Aim of the task:
Copy the full listing, changing nothing.

************

(* Let $f=h+\overline{g}$ be a sense-preserving harmonic mapping in $\mathbb{D}$, normalized by $h(0)=g(0)=0$, $h'(0)=1$, $g'(0)=0$, with dilatation $\omega=g'/h'$, such that $\varphi=h-g$ is a convex mapping (univalent with convex image). Then for every $\alpha\in[0,1]$ with $\alpha\|\omega\|<\frac{1}{3}$, the mapping $f_\alpha$ is univalent in $\mathbb{D}$.
   Context: $\|\omega\|=\sup_{z\in\mathbb{D}}|\omega(z)|$. Define $\varphi_\alpha(z)=\int_0^z(\varphi'(\zeta))^\alpha d\zeta$ (branch with value $1$ at $\zeta=0$), and $f_\alpha=H+\overline{G}$, where $H,G$ are analytic in $\mathbb{D}$, $H(0)=G(0)=0$, $H-G=\varphi_\alpha$ and $G'/H'=\alpha\omega$. *)

theory Defs
  imports "HOL-Analysis.Analysis"
begin

definition unit_disc :: "complex set" where
  "unit_disc = ball 0 1"

text \<open>Sense-preserving harmonic map h + conj g: Jacobian |h'|^2 - |g'|^2 > 0 on the disc.\<close>
definition sense_preserving_harm :: "(complex \<Rightarrow> complex) \<Rightarrow> (complex \<Rightarrow> complex) \<Rightarrow> bool" where
  "sense_preserving_harm h g \<longleftrightarrow> (\<forall>z\<in>unit_disc. cmod (deriv g z) < cmod (deriv h z))"

definition convex_mapping :: "(complex \<Rightarrow> complex) \<Rightarrow> bool" where
  "convex_mapping \<phi> \<longleftrightarrow> \<phi> holomorphic_on unit_disc \<and> inj_on \<phi> unit_disc \<and> convex (\<phi> ` unit_disc)"

definition sup_norm :: "(complex \<Rightarrow> complex) \<Rightarrow> real" where
  "sup_norm w = (SUP z\<in>unit_disc. cmod (w z))"

end

theory Submission
  imports Defs "HOL-Complex_Analysis.Complex_Analysis"
begin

************

Task response:
(* Let $f=h+\overline{g}$ be a sense-preserving harmonic mapping in $\mathbb{D}$, normalized by $h(0)=g(0)=0$, $h'(0)=1$, $g'(0)=0$, with dilatation $\omega=g'/h'$, such that $\varphi=h-g$ is a convex mapping (univalent with convex image). Then for every $\alpha\in[0,1]$ with $\alpha\|\omega\|<\frac{1}{3}$, the mapping $f_\alpha$ is univalent in $\mathbb{D}$.
   Context: $\|\omega\|=\sup_{z\in\mathbb{D}}|\omega(z)|$. Define $\varphi_\alpha(z)=\int_0^z(\varphi'(\zeta))^\alpha d\zeta$ (branch with value $1$ at $\zeta=0$), and $f_\alpha=H+\overline{G}$, where $H,G$ are analytic in $\mathbb{D}$, $H(0)=G(0)=0$, $H-G=\varphi_\alpha$ and $G'/H'=\alpha\omega$. *)

theory Defs
  imports "HOL-Analysis.Analysis"
begin

definition unit_disc :: "complex set" where
  "unit_disc = ball 0 1"

text \<open>Sense-preserving harmonic map h + conj g: Jacobian |h'|^2 - |g'|^2 > 0 on the disc.\<close>
definition sense_preserving_harm :: "(complex \<Rightarrow> complex) \<Rightarrow> (complex \<Rightarrow> complex) \<Rightarrow> bool" where
  "sense_preserving_harm h g \<longleftrightarrow> (\<forall>z\<in>unit_disc. cmod (deriv g z) < cmod (deriv h z))"

definition convex_mapping :: "(complex \<Rightarrow> complex) \<Rightarrow> bool" where
  "convex_mapping \<phi> \<longleftrightarrow> \<phi> holomorphic_on unit_disc \<and> inj_on \<phi> unit_disc \<and> convex (\<phi> ` unit_disc)"

definition sup_norm :: "(complex \<Rightarrow> complex) \<Rightarrow> real" where
  "sup_norm w = (SUP z\<in>unit_disc. cmod (w z))"

end

theory Submission
  imports Defs "HOL-Complex_Analysis.Complex_Analysis"
begin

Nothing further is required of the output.